Time to start joining! You can choose the type of join you use, just make sure to make a  note!

1. Join `annual_2016` with `series` on `series_id`. We only want the data in the `annual_2016` table to be included in the result.

In [None]:
SELECT TOP 50 *
FROM annual_2016 a
Inner Join series s
    ON a.series_id = s.series_id
ORDER BY a.id;
--inner join

2. Join `series` and `datatype` on `data_type_code`.

In [None]:

SELECT TOP 50 *
From series s
Inner Join datatype d
    ON s.data_type_code = d.data_type_code
ORDER BY id
--inner join

3. Join `series` and `industry` on `industry_code`.

In [None]:
SELECT TOP 50 *
FROM series s
INNER JOIN industry i
    ON s.industry_code = i.industry_code
ORDER BY s.series_id;


## Subqueries, Unions, Derived Tables, Oh My!

1. Write a query that returns the `series_id`, `industry_code`, `industry_name`, and `value` from the `january_2017` table but only if that value is greater than the average value for `annual_2016` of `data_type_code` 82.

In [None]:
SELECT j.series_id, s.industry_code, i.industry_name, j.value
FROM january_2017 j
JOIN series s ON j.series_id = s.series_id
JOIN industry i ON s.industry_code = i.industry_code
WHERE RIGHT(j.series_id,2) = '82'
  AND j.value > (
      SELECT AVG(value)
      FROM annual_2016
      WHERE RIGHT(series_id,2) = '82'
  );


2. Create a `Union` table comparing average weekly earnings of production and nonsupervisory employees between `annual_2016` and `january_2017` using the data type 30.  Round to the nearest penny.  You should have a column for the average earnings and a column for the year, and the period.

In [None]:
SELECT ROUND(AVG(a.value), 2) AS avg_earnings, '2016' AS year, 'annual' AS period
FROM annual_2016 a
JOIN series s ON a.series_id = s.series_id
WHERE RIGHT(a.series_id, 2) = '30'

UNION ALL

SELECT ROUND(AVG(j.value), 2) AS avg_earnings, '2017' AS year, 'January' AS period
FROM january_2017 j
JOIN series s ON j.series_id = s.series_id
WHERE RIGHT(j.series_id, 2) = '30';
-- $797.20	2016	Annual
-- $808.53	2017	January

## Summarize Your Results

With what you know now about the  Bureau of Labor Statistics (BLS) Current Employment Survey (CES) results and working with the Labor Statistics Database, answer the following questions.
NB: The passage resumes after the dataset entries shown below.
lemma qint_ratio_reciprocal:
  fixes q :: real assumes q: "q > 1" and k: "k \<le> n"
  shows "(1 / q) ^ (n - k) * (1 - (1 / q) ^ (k + m)) / (1 - (1 / q) ^ (n + m)) = qint q (k + m) / qint q (n + m)"
proof -
  define x where "x = q ^ (k + m)"
  define y where "y = q ^ (n - k)"
  have xy: "q ^ (n + m) = x * y"
    using k by (simp add: x_def y_def add.commute flip: power_add)
  have "x \<ge> 1" "y \<ge> 1"
    using q by (simp_all add: x_def y_def one_le_power)
  then have "(1 / y) * (1 - 1 / x) / (1 - 1 / (x * y)) = (1 - x) / (1 - x * y)"
    by (cases "x * y = 1") (simp_all add: field_simps)
  also have "\<dots> = ((1 - x) / (1 - q)) / ((1 - x * y) / (1 - q))"
    using q by simp
  finally have "(1 / y) * (1 - 1 / x) / (1 - 1 / (x * y)) = ((1 - x) / (1 - q)) / ((1 - x * y) / (1 - q))" .
  moreover have "qint q (k + m) = (1 - x) / (1 - q)" "qint q (n + m) = (1 - x * y) / (1 - q)"
    using q by (simp_all add: qint_eq_geometric x_def xy)
  moreover have "(1 / q) ^ (n - k) = 1 / y" "(1 / q) ^ (k + m) = 1 / x" "(1 / q) ^ (n + m) = 1 / (x * y)"
    by (simp_all add: power_one_over x_def y_def xy)
  ultimately show ?thesis
    by simp
qed

text \<open>Up to the factor 1 - p, this is the Jackson integral of t^(a-1) (pt; p)_N over [0,1],
  a q-analogue of the Beta function B(a, N+1).\<close>
definition qbeta_series :: "real \<Rightarrow> nat \<Rightarrow> nat \<Rightarrow> real" where
  "qbeta_series p N a = (\<Sum>j. p ^ (j * a) * (\<Prod>s<N. 1 - p ^ (j + s + 1)))"

lemma qbeta_weight_bounds:
  fixes p :: real assumes "0 < p" "p < 1"
  shows "0 \<le> (\<Prod>s<N. 1 - p ^ (j + s + 1))" "(\<Prod>s<N. 1 - p ^ (j + s + 1)) \<le> 1"
proof -
  have "0 \<le> 1 - p ^ (j + s + 1) \<and> 1 - p ^ (j + s + 1) \<le> 1" for s
    using assms power_le_one[of p "j + s + 1"] by simp
  then show "0 \<le> (\<Prod>s<N. 1 - p ^ (j + s + 1))" "(\<Prod>s<N. 1 - p ^ (j + s + 1)) \<le> 1"
    by (simp_all add: prod_nonneg prod_le_1)
qed

lemma summable_qbeta_series:
  fixes p :: real assumes p: "0 < p" "p < 1" and a: "a \<ge> 1"
  shows "summable (\<lambda>j. p ^ (j * a) * (\<Prod>s<N. 1 - p ^ (j + s + 1)))"
proof (rule summable_comparison_test)
  show "\<exists>M. \<forall>j\<ge>M. norm (p ^ (j * a) * (\<Prod>s<N. 1 - p ^ (j + s + 1))) \<le> (p ^ a) ^ j"
    using qbeta_weight_bounds[OF p] p
    by (auto simp: abs_mult power_mult[symmetric] mult.commute intro!: mult_left_le)
  show "summable (\<lambda>j. (p ^ a) ^ j)"
    using p a by (intro summable_geometric) (simp add: power_less_one_iff)
qed

text \<open>The q-analogue of B(a+1, N+1) = a/(a+N+1) B(a, N+1): telescope
  F j = p^(ja) (p^j; p)_(N+1), which vanishes at j = 0 and tends to 0.\<close>
lemma qbeta_series_Suc:
  fixes p :: real assumes p: "0 < p" "p < 1" and a: "a \<ge> 1"
  shows "qbeta_series p N (Suc a) = (1 - p ^ a) / (1 - p ^ (a + N + 1)) * qbeta_series p N a"
proof -
  define w where "w j = (\<Prod>s<N. 1 - p ^ (j + s + 1))" for j
  define F where "F j = p ^ (j * a) * (\<Prod>s<Suc N. 1 - p ^ (j + s))" for j
  have F: "F j = p ^ (j * a) * ((1 - p ^ j) * w j)" for j
    unfolding F_def w_def by (subst prod.lessThan_Suc_shift) (simp add: add.assoc)
  have F_Suc: "F (Suc j) = p ^ a * p ^ (j * a) * (w j * (1 - p ^ (j + N + 1)))" for j
    unfolding F_def w_def by (subst prod.lessThan_Suc) (simp add: power_add add_ac)
  have F_diff: "F j - F (Suc j)
      = (1 - p ^ a) * (p ^ (j * a) * w j) - (1 - p ^ (a + N + 1)) * (p ^ (j * Suc a) * w j)" for j
    unfolding F_Suc by (simp only: F[of j]) (simp add: algebra_simps power_add)
  have "F \<longlonglongrightarrow> 0"
  proof (rule Lim_null_comparison)
    have "\<bar>w j\<bar> * \<bar>1 - p ^ j\<bar> \<le> 1" for j
      using qbeta_weight_bounds[OF p] p by (intro mult_le_one) (auto simp: w_def power_le_one)
    then show "\<forall>\<^sub>F j in sequentially. norm (F j) \<le> (p ^ a) ^ j"
      using p by (auto simp: F abs_mult power_mult[symmetric] mult.commute intro!: mult_left_le)
    show "(\<lambda>j. (p ^ a) ^ j) \<longlonglongrightarrow> 0"
      using p a by (intro LIMSEQ_power_zero) (simp add: power_less_one_iff)
  qed
  from telescope_sums'[OF this] have "(\<lambda>j. F j - F (Suc j)) sums 0"
    by (simp add: F)
  moreover have "(\<lambda>j. F j - F (Suc j)) sums
      ((1 - p ^ a) * qbeta_series p N a - (1 - p ^ (a + N + 1)) * qbeta_series p N (Suc a))"
    unfolding F_diff qbeta_series_def w_def
    using summable_qbeta_series[OF p a] summable_qbeta_series[OF p, of "Suc a"]
    by (intro sums_diff sums_mult summable_sums) auto
  ultimately have "(1 - p ^ a) * qbeta_series p N a = (1 - p ^ (a + N + 1)) * qbeta_series p N (Suc a)"
    using sums_unique2 by fastforce
  moreover have "p ^ (a + N + 1) < 1"
    using p by (intro power_less_one_iff[THEN iffD2]) auto
  ultimately show ?thesis
    by (simp add: field_simps)
qed

lemma jackson_term_pnk_emon:
  fixes p :: real
  shows "pnk p N i (complex_of_real (p ^ j * p)) * emon m (p ^ j * p ^ d) * complex_of_real (p ^ j)
    = complex_of_real (qbinom p N i * p ^ i * p ^ (d * m) *
        (p ^ (j * (i + m + 1)) * (\<Prod>s<N - i. 1 - p ^ (j + s + 1))))"
proof -
  have powers: "(p ^ j * p) ^ i * (p ^ j * p ^ d) ^ m * p ^ j = p ^ i * p ^ (d * m) * p ^ (j * (i + m + 1))"
    by (simp add: power_mult_distrib power_mult[symmetric] power_add[symmetric] algebra_simps)
  have weight: "(\<Prod>s<N - i. 1 - p ^ s * (p ^ j * p)) = (\<Prod>s<N - i. 1 - p ^ (j + s + 1))"
    by (simp add: power_add mult_ac)
  have "pnk p N i (complex_of_real (p ^ j * p)) * emon m (p ^ j * p ^ d) * complex_of_real (p ^ j)
      = complex_of_real (qbinom p N i * (\<Prod>s<N - i. 1 - p ^ s * (p ^ j * p)) *
          ((p ^ j * p) ^ i * (p ^ j * p ^ d) ^ m * p ^ j))"
    unfolding pnk_def qpoch_def emon_def by (simp add: of_real_prod mult_ac)
  then show ?thesis
    unfolding powers weight by (simp add: mult_ac)
qed

lemma qintegral_pnk_emon:
  fixes p :: real assumes p: "0 < p" "p < 1"
  shows "qintegral p (\<lambda>t. pnk p N i (complex_of_real (t * p)) * emon m (t * p ^ d))
    = complex_of_real ((1 - p) * qbinom p N i * p ^ i * p ^ (d * m) * qbeta_series p (N - i) (i + m + 1))"
proof -
  define C where "C = qbinom p N i * p ^ i * p ^ (d * m)"
  have "(\<lambda>j. p ^ (j * (i + m + 1)) * (\<Prod>s<N - i. 1 - p ^ (j + s + 1))) sums qbeta_series p (N - i) (i + m + 1)"
    unfolding qbeta_series_def by (intro summable_sums summable_qbeta_series[OF p]) simp
  then have "(\<lambda>j. pnk p N i (complex_of_real (p ^ j * p)) * emon m (p ^ j * p ^ d) * complex_of_real (p ^ j))
      sums complex_of_real (C * qbeta_series p (N - i) (i + m + 1))"
    unfolding jackson_term_pnk_emon sums_of_real_iff C_def by (intro sums_mult)
  then show ?thesis
    unfolding qintegral_def C_def by (simp add: sums_iff mult_ac)
qed

definition Ucoeff :: "nat \<Rightarrow> real \<Rightarrow> (real \<Rightarrow> complex) \<Rightarrow> nat \<Rightarrow> complex" where
  "Ucoeff n q f k =
     (if k = 0 then f 0 else if k = n then f 1
      else complex_of_real (qint (1 / q) (n - 1) * q ^ (k - 1)) *
        qintegral (1 / q) (\<lambda>t. pnk (1 / q) (n - 2) (k - 1) (complex_of_real (t / q)) * f (t / q ^ (n - k))))"

lemma Uop_eq_sum_Ucoeff:
  assumes "n \<ge> 1"
  shows "Uop n q f z = (\<Sum>k=0..n. Ucoeff n q f k * pnk q n k z)"
proof -
  have "{0..n} = insert 0 (insert n {1..n - 1})"
    using assms by auto
  then have "(\<Sum>k=0..n. Ucoeff n q f k * pnk q n k z)
      = f 0 * pnk q n 0 z + f 1 * pnk q n n z + (\<Sum>k=1..n - 1. Ucoeff n q f k * pnk q n k z)"
    using assms by (simp add: Ucoeff_def)
  also have "(\<Sum>k=1..n - 1. Ucoeff n q f k * pnk q n k z) =
      complex_of_real (qint (1 / q) (n - 1)) * (\<Sum>k=1..n - 1. complex_of_real (q ^ (k - 1)) * pnk q n k z *
        qintegral (1 / q) (\<lambda>t. pnk (1 / q) (n - 2) (k - 1) (complex_of_real (t / q)) * f (t / q ^ (n - k))))"
    unfolding sum_distrib_left by (rule sum.cong) (auto simp: Ucoeff_def mult_ac)
  finally show ?thesis
    unfolding Uop_def by simp
qed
Note that while this is subjective, you should include relevant data to back up your opinion.

1. During which time period did production and nonsupervisory employees fare better?

Based on results for average weekly earnings, average weekly hours, and total weekly payroll:
Workers in 2017 fared better with higher earnings, consistent full time hours, and weekly payroll that shows increase in employement and payroll.

2. In which industries did production and nonsupervisory employees fare better?

The highest total payroll went to the Total Private sector which had a larger number of employees and higher wages. Motor Vehicle Power Train Components the highest average hours worked per week, meaning production stayed high and lead to strong wages.

3. Now that you have explored the datasets, is there any data or information that you wish you had in this analysis?

It would be helpful to have further information on demographics or more descriptive metrics in general. This would allow us to explore how companies of all sizes perform. Same for breaking down data into time based series, we could track more along the lines of monthly performance across industries. There is also no distinction for rural, metro, or other regional data - so we can not compare based on location or setting. Knowing why some industries perform better would be a great next step if more data was available.